■ Records provided ■
--------------------------------------------------

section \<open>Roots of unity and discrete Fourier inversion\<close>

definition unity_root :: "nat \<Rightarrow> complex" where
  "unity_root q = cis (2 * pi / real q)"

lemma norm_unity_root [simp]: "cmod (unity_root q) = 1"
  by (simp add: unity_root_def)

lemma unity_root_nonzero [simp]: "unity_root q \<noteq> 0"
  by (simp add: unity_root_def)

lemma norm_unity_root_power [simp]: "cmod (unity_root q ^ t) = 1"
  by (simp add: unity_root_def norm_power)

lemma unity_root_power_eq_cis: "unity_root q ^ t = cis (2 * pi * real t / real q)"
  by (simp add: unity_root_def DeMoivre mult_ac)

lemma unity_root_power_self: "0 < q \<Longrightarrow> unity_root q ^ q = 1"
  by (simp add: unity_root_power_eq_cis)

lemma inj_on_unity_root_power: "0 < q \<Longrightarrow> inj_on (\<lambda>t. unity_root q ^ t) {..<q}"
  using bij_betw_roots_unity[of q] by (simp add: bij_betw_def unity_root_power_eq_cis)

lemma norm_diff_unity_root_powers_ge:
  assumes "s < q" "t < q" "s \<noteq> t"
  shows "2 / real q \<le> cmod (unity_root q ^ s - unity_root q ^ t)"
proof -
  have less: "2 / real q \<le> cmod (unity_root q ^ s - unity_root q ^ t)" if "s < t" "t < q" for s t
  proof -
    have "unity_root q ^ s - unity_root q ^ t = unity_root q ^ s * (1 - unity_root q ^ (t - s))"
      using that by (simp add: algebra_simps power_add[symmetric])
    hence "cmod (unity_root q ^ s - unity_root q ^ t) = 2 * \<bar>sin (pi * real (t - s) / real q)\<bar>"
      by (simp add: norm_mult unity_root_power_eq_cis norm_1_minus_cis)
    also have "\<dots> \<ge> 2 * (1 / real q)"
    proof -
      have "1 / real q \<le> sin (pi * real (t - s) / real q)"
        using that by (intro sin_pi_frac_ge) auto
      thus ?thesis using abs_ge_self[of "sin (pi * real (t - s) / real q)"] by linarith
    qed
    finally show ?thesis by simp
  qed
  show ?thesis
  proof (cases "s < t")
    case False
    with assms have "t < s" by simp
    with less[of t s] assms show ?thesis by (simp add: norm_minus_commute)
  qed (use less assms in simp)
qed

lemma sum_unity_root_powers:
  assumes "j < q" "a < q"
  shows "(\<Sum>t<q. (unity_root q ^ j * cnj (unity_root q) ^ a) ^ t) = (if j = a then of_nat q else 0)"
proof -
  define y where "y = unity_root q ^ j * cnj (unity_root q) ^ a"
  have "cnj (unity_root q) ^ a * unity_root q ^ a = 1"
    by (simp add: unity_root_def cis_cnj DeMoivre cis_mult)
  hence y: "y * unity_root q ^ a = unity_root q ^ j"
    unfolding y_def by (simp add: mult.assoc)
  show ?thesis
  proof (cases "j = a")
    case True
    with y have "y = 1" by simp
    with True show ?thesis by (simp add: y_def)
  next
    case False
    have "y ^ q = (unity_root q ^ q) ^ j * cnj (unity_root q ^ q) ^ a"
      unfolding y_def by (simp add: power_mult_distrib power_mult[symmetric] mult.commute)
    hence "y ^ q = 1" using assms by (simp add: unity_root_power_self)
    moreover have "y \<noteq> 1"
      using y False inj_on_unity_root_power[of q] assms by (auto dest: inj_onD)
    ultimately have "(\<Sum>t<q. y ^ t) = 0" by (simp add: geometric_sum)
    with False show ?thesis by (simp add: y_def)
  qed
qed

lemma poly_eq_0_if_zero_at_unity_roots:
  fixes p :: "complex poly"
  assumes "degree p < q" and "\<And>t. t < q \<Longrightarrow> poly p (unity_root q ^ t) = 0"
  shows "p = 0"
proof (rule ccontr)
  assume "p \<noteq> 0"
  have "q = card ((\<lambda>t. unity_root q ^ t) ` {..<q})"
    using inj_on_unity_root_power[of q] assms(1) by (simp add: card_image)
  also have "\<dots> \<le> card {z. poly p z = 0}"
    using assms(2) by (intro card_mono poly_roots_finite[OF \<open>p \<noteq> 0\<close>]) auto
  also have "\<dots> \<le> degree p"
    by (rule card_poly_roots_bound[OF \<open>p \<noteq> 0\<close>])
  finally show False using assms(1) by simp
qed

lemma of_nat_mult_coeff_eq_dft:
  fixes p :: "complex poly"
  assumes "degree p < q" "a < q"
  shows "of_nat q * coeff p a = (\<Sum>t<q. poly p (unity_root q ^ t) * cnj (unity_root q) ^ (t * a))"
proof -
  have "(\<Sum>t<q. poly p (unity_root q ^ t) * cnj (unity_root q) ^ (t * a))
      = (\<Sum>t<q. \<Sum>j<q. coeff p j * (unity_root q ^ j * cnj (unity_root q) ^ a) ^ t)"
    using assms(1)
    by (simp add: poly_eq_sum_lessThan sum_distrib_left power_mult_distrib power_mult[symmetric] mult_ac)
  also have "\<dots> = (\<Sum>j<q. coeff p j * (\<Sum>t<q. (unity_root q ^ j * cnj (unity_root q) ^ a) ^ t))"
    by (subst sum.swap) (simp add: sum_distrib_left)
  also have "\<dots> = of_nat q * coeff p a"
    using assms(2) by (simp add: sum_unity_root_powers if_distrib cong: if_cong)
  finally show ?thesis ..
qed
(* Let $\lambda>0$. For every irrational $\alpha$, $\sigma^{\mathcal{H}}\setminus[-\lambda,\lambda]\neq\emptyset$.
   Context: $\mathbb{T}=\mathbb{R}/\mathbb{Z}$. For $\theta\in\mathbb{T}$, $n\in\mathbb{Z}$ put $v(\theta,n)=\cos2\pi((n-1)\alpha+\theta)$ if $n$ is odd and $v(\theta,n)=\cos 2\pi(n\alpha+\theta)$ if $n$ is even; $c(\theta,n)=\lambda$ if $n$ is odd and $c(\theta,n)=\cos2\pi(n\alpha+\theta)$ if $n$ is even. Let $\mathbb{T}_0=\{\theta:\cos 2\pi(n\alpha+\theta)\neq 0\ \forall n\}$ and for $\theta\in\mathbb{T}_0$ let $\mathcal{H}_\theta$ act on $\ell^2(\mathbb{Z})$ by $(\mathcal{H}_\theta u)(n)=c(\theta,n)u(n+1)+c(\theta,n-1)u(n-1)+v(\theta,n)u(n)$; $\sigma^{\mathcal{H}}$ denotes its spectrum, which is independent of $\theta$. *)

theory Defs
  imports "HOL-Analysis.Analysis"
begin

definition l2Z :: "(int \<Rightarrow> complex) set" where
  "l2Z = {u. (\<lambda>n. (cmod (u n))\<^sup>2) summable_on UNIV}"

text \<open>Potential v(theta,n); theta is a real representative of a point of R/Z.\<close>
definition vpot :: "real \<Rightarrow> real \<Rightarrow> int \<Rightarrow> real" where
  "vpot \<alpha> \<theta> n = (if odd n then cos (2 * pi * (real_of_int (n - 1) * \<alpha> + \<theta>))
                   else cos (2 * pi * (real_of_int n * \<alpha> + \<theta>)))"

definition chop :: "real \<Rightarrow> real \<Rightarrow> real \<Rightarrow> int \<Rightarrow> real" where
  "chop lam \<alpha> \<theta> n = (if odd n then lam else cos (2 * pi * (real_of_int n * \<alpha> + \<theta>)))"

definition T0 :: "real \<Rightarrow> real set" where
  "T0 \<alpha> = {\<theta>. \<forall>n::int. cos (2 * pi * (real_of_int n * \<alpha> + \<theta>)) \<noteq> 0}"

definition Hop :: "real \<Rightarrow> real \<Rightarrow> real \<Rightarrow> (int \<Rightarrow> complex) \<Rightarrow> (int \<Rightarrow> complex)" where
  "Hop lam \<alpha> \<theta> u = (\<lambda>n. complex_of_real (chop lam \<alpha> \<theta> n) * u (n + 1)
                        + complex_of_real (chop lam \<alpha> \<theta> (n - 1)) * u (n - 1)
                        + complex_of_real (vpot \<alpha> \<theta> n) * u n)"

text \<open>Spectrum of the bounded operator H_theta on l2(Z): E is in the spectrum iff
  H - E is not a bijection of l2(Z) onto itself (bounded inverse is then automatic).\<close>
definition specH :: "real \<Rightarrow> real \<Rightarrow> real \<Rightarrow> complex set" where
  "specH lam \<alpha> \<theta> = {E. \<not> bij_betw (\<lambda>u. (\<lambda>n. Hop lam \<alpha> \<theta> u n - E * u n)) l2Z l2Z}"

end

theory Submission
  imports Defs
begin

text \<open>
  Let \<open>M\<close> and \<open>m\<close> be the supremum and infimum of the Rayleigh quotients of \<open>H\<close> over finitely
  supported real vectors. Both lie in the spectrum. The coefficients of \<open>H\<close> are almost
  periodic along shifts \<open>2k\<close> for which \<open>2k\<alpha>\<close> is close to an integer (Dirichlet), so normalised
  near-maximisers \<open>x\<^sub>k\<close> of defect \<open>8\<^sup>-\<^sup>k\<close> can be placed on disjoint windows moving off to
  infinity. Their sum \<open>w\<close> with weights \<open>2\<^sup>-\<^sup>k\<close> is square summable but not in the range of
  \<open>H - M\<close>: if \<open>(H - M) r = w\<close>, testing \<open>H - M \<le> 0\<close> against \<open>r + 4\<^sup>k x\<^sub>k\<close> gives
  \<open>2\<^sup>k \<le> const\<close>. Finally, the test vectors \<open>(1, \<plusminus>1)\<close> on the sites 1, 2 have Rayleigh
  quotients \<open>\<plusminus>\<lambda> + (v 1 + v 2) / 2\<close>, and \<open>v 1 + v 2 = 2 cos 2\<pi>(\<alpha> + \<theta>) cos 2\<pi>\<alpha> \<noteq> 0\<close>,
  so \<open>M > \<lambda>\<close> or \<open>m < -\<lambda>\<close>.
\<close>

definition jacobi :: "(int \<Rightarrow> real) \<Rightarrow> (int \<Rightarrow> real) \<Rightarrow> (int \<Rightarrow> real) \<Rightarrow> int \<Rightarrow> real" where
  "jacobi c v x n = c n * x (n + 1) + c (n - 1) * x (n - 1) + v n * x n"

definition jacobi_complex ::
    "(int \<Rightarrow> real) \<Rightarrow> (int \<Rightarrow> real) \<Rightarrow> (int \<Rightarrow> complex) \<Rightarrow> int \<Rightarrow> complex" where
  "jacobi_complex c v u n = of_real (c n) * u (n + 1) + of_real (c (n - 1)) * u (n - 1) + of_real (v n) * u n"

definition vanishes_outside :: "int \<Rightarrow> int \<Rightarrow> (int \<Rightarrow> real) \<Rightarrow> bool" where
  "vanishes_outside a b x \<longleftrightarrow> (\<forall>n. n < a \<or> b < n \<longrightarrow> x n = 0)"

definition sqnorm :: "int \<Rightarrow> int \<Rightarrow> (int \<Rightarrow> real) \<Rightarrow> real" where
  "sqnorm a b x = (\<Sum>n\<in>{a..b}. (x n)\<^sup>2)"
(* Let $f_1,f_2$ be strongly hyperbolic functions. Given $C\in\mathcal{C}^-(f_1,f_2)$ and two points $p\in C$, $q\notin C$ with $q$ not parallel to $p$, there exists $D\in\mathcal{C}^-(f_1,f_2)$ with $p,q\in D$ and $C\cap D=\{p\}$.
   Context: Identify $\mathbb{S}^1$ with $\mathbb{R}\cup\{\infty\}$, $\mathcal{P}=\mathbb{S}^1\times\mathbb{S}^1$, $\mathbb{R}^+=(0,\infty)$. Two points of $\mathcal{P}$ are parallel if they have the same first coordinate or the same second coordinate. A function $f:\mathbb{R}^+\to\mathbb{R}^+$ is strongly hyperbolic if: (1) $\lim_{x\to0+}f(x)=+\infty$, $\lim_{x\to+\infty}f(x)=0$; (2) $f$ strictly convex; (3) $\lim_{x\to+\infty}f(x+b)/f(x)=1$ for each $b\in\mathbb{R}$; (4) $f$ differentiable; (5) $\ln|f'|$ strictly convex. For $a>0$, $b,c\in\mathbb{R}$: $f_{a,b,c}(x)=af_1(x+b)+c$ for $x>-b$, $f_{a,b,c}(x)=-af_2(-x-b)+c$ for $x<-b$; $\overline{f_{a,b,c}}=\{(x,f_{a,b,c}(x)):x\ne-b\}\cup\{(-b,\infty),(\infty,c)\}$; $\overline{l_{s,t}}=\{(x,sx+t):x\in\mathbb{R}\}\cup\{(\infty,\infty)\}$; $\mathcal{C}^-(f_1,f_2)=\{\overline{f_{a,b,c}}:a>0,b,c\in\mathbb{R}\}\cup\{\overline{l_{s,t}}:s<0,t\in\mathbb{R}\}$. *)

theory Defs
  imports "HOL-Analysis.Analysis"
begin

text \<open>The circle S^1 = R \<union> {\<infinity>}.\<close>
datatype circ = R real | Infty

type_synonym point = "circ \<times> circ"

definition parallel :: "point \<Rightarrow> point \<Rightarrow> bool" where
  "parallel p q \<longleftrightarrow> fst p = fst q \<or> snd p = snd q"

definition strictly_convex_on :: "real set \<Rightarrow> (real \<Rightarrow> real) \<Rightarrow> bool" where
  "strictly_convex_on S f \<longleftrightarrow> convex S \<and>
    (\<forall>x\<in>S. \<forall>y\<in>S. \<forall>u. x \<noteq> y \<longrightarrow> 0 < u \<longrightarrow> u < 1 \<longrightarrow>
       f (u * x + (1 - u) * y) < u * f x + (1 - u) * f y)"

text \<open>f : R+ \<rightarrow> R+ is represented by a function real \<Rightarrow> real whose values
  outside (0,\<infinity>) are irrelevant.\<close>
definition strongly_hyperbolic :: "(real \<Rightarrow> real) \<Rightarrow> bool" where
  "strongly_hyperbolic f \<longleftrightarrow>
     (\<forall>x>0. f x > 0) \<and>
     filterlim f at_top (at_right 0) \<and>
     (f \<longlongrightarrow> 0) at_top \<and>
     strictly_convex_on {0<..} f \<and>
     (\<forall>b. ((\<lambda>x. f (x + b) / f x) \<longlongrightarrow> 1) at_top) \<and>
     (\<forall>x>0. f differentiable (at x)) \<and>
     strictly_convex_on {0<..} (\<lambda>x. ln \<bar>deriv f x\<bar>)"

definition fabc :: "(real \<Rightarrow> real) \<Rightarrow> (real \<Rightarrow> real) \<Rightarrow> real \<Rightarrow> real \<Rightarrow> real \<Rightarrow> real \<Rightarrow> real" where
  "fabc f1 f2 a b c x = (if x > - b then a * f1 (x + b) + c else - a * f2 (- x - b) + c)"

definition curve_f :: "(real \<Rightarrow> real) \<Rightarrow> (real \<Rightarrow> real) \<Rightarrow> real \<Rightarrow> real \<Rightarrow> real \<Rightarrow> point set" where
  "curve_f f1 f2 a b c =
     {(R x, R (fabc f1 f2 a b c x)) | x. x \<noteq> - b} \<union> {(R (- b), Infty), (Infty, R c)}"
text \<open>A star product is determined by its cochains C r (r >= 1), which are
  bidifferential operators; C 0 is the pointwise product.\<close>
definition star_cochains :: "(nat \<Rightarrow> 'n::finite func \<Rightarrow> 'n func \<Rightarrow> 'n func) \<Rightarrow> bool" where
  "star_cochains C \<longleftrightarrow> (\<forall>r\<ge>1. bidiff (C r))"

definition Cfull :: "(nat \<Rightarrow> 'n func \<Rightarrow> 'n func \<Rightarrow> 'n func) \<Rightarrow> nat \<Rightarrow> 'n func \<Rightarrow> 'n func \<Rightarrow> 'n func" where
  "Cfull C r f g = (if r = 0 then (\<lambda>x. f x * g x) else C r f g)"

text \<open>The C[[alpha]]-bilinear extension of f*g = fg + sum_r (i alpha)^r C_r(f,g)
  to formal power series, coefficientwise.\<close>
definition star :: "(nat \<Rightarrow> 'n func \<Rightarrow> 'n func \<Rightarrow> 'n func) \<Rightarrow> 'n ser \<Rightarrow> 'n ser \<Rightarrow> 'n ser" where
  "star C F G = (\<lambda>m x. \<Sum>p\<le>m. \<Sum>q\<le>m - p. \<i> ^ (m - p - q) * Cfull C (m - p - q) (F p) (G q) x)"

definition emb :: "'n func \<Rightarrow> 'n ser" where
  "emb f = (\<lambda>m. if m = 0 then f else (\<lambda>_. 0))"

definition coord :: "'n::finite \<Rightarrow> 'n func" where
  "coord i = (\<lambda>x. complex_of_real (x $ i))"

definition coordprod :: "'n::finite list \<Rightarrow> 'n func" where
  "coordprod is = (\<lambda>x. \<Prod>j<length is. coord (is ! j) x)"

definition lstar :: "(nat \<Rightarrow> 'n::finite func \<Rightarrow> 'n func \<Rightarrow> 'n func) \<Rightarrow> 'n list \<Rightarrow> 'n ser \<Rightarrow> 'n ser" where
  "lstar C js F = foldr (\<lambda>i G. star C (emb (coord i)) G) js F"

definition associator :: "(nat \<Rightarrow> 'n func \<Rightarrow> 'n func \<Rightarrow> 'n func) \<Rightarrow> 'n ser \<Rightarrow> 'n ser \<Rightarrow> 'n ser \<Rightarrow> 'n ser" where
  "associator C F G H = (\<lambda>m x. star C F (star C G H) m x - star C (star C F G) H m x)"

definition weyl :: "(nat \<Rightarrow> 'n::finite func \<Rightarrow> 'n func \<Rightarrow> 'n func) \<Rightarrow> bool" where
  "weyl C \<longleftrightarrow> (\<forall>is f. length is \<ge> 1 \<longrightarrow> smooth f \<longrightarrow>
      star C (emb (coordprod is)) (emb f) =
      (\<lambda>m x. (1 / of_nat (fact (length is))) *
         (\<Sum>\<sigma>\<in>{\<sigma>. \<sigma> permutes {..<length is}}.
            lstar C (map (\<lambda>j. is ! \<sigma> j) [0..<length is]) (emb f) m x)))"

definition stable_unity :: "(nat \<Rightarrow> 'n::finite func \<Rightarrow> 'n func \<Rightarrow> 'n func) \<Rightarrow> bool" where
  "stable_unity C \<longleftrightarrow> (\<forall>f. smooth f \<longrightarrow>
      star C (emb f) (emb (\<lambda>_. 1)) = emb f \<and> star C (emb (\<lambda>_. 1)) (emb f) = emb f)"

--------------------------------------------------

■ What this task involves ■
Find all the lines containing "coordprod" in the material, then copy them.

■ Worked solution ■
definition coordprod :: "'n::finite list \<Rightarrow> 'n func" where
  "coordprod is = (\<lambda>x. \<Prod>j<length is. coord (is ! j) x)"
      star C (emb (coordprod is)) (emb f) =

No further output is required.